12Asian culture turns out to be an epistemological obstacle to many political scientists. Once considered incapable of generating economic growth, Asian values are seen as an asset in the ongoing economic race, with growth rates that belittle Europe and the United States alike in some quarters of the Asian world. Can one blame economic stagnation on them yesterday, and now say that some basic values of Asian cultures are the leverage of change helping those so-called miracle economies make some headway? There may well be an emphasis on hard work in Chinese culture, but one cannot see how this is specifically Chinese, or American, or British. Lucian Pye, one prominent M.I.T. scholar in Chinese studies, has suggested that Taoism and the belief in good fortune, supposed to be specific to Chinese culture (although I am aware this might be challenged), has produced outgoing dynamic character in the Chinese people, which makes them ready to grasp any opportunity likely to turn to their advantage. Pye’s view of Chinese culture may easily be taken to task, as he implies that Chinese culture leaves no room for introspection. This is most probably a typical misconception such as New-England protestant culture wants to bring home. Lucian Pye, in particular, writes the following when considering the reasons for China’s rapid expansion: “This stress of the role of fortune makes for an outward-looking and highly reality-oriented approach to life, not an introspective one”13. This is, we guess, one academic version of prejudice insisting that the Chinese have no soul, and no interest for an inner life. Economists, on the other hand, go for a more mundane vision of China’s development, insisting on the capacity to attract foreign investors14. This is also quite true of many other rising Asian economies besides China.
13However, these observations lead us to want to extend our definition of culture. Culture is not just simply a cluster of beliefs and attitudes outside the realm of economic and political development. Culture is probably much more than beliefs and attitudes. It encompasses what we might call material culture, in the sense that attitudes matter in economic development, which is no big news, if we refer to Max Weber’s understanding of the ethic of capitalism, shaped as it is by the sense of insecurity that goes with the necessity to devise for oneself advancement in this world, the better to advance in the next one, or the higher or more sophisticated one in the rich oriental spiritual heritage. No wonder then that Derrida should suggest that between rationality and mystery, there is one connection to be established. And, in Derrida’s view of how rationality and mystery interact, one finds an abiding agreement occurring, and this is of course desirable to establish peace in what he calls culture, which to him is more of a socially encompassing substance than a mere individual determinant of behaviour.
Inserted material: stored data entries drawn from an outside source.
(* Let $\sigma>0$, $\mu\in\mathbb{R}$, $\rho(x)=\frac1{\sqrt{2\pi\sigma^2}}e^{-\frac{(x-\mu)^2}{2\sigma^2}}$ and $\alpha_n=\int_\mathbb{R}\psi_n(x)\rho(x)\,\mathrm{d}x$ for $n\in\mathbb{N}\cup\{0\}$. Let $$\lambda=\begin{cases}\frac14\log\left|\frac{\sigma^2+1}{\sigma^2-1}\right|,&\text{if }\sigma^2\neq1,\\ \frac14,&\text{if }\sigma^2=1.\end{cases}$$ If $N\in\mathbb{N}$ satisfies $$N\ge\begin{cases}\frac{32\mu^2}{|\sigma^4-1|}\left(\log\left|\frac{\sigma^2+1}{\sigma^2-1}\right|\right)^{-2},&\text{if }\sigma^2\neq1,\\ \frac{e^{3/2}\mu^2}{2},&\text{if }\sigma^2=1,\end{cases}$$ then $$\left(\sum_{n=N}^\infty\alpha_n^2\right)^{1/2}\le\frac{1}{\pi^{1/4}\sqrt{(\sigma^2+1)(1-e^{-2\lambda})}}e^{-\frac{\mu^2}{2(\sigma^2+1)}-\lambda N}.$$
   Context: $H_n$ is the $n$-th physicist's Hermite polynomial and $\psi_n(x)=\frac{1}{\sqrt{\sqrt\pi\,2^n n!}}e^{-x^2/2}H_n(x)$ are the Hermite functions. *)

theory Defs
  imports "HOL-Analysis.Analysis"
begin

fun hermite :: "nat \<Rightarrow> real \<Rightarrow> real" where
  "hermite 0 x = 1"
| "hermite (Suc 0) x = 2 * x"
| "hermite (Suc (Suc n)) x = 2 * x * hermite (Suc n) x - 2 * real (Suc n) * hermite n x"

definition hermite_fun :: "nat \<Rightarrow> real \<Rightarrow> real" where
  "hermite_fun n x = exp (- (x^2) / 2) * hermite n x / sqrt (sqrt pi * 2 ^ n * fact n)"

definition gauss_density :: "real \<Rightarrow> real \<Rightarrow> real \<Rightarrow> real" where
  "gauss_density \<sigma> \<mu> x = exp (- ((x - \<mu>)^2) / (2 * \<sigma>^2)) / sqrt (2 * pi * \<sigma>^2)"

end

theory Submission
  imports Defs "HOL-Probability.Probability" "HOL-Real_Asymp.Real_Asymp"
    "HOL-Computational_Algebra.Polynomial"
begin

(* Completing the square, psi_n(x) rho(x) is a constant multiple of H_n(x) times the normal
   density with mean m = mu/(sigma^2+1) and variance t^2 = sigma^2/(sigma^2+1). Gaussian
   integration by parts (Stein's identity) turns the three-term recurrence of H_n into a
   recurrence for the moments M_n of H_n under this density: M_n = gen_hermite r n m with
   r = 2 t^2 - 1 = (sigma^2-1)/(sigma^2+1), so |r| < 1. Expanding M_n binomially in 2m and
   applying Cauchy-Schwarz with a free weight eps > 0 gives
   M_n^2 <= (|r| + eps)^n 2^n n! exp(2 m^2 / eps), while alpha_n^2 = C M_n^2 / (2^n n!).
   For n >= N the choice eps = |r| lambda (eps = exp(-3/2) if r = 0) yields
   alpha_n^2 <= C exp(-2 lambda n), and the tail is dominated by a geometric series. *)

lemma square_sum_le_of_square_le_mult:
  fixes x u v :: "'a \<Rightarrow> real"
  assumes "\<And>j. j \<in> A \<Longrightarrow> 0 \<le> u j" "\<And>j. j \<in> A \<Longrightarrow> 0 \<le> v j"
    and "\<And>j. j \<in> A \<Longrightarrow> (x j)\<^sup>2 \<le> u j * v j"
  shows "(\<Sum>j\<in>A. x j)\<^sup>2 \<le> (\<Sum>j\<in>A. u j) * (\<Sum>j\<in>A. v j)"
proof -
  have "\<bar>x j\<bar> \<le> sqrt (u j) * sqrt (v j)" if "j \<in> A" for j
    using real_sqrt_le_mono[OF assms(3)[OF that]] by (simp add: real_sqrt_mult)
  then have "\<bar>\<Sum>j\<in>A. x j\<bar> \<le> (\<Sum>j\<in>A. sqrt (u j) * sqrt (v j))"
    using sum_abs[of x A] sum_mono[of A "\<lambda>j. \<bar>x j\<bar>"] by (meson order_trans)
  then have "(\<Sum>j\<in>A. x j)\<^sup>2 \<le> (\<Sum>j\<in>A. sqrt (u j) * sqrt (v j))\<^sup>2"
    by (metis abs_ge_zero power2_abs power_mono)
  also have "\<dots> \<le> (\<Sum>j\<in>A. (sqrt (u j))\<^sup>2) * (\<Sum>j\<in>A. (sqrt (v j))\<^sup>2)"
    by (rule Cauchy_Schwarz_ineq_sum)
  also have "\<dots> = (\<Sum>j\<in>A. u j) * (\<Sum>j\<in>A. v j)"
    using assms(1,2) by simp
  finally show ?thesis .
qed

lemma sum_power_div_fact_le_exp:
  fixes y :: real
  assumes "0 \<le> y"
  shows "(\<Sum>j\<le>n. y ^ j / fact j) \<le> exp y"
proof -
  have exp_sums: "(\<lambda>j. y ^ j / fact j) sums exp y"
    using exp_converges[of y] by (simp add: field_simps)
  have "sum (\<lambda>j. y ^ j / fact j) {..<Suc n} \<le> (\<Sum>j. y ^ j / fact j)"
    using sums_summable[OF exp_sums] assms by (intro sum_le_suminf) auto
  then show ?thesis
    unfolding lessThan_Suc_atMost sums_unique[OF exp_sums, symmetric] .
qed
14Lucian Pye is interesting as an analyst of Chinese social development, not for what certainties he may have in store for us, but for the scepticism which his propositions will cause in most areas of the academic world, and across disciplines. Examining the reasons for China’s economic advance, he writes that “[...] the driving force in Chinese capitalism has always been to find out who needs what and to satisfy that market need”15. One might meditate for quite a while to determine whether markets are out there for anyone to grab, or whether one should shape markets, create needs, and respond to one’s ambition to grow by being inventive. Nevertheless, Lucian Pye views Chinese economy as a simplistic answer to world needs, and the capacity to adapt to them, whereas the West is seen as technology-driven, and culturally more sophisticated: “Western firms seek to improve their products, strengthen their organizational structures, and work hard to achieve name recognition”16. We wonder whether Chinese firms have not always tried to do precisely this, which can only be generalized with a vast highly educated workforce, which China is trying to obtain by adequate investment in higher education. This path is promising, from what we can judge when considering our Chinese students in our higher learning European institutions.
Cultural Change and Universities
15If therefore, cultures change, not just private cultures, but also public ones, as we increasingly suspect cultures to be collective assets, university education has a major role to play in this process. We, as academics, either experienced or aspiring ones, must address the issue of what a university education ought to be like. So far in this discussion, we have acknowledged that academics should avoid voicing social prejudice, and this has not always been accomplished, to say the least. Jacques Derrida has meditated extensively on this, with a view to promoting the role education might play in defending the values of democracy, no doubt because Derrida’s understanding of the effects of academic training is combined with the idea of a political education for youth. This may be easily understood when one looks at the moral paralysis of the German university system and its many graduates embracing Nazism and providing the Nazi regime with its most destructive propagandists and functionaries. However, Habermas is clear on this point. German universities cannot be blamed for what befell. Habermas, in particular, points out that the number of students was halved during Nazism in Germany, dropping from 121 000 in 1933 to below 60 000 right before the Second World War17. One reason why this happened, although Derrida is not explicit on this point, is that universities tend to over-specialize knowledge. This has caused the decline of humanistic study. Habermas offers similar views, though they are cast in a more sociological mould. To Derrida, higher education should be critical of whatever rationality wants to assess. He calls this “the university without conditions”, which to him involves an ambitious agenda thus defined: “the primal right to say anything, be it in the name of fiction and of knowledge as experiment, and the right to speak publicly, and to publish this”18. Habermas offers a more accurate version of what ought to be done, and has been insufficiently accomplished so far: integrating humanistic study and technical expertise to curb the specialization of knowledge19.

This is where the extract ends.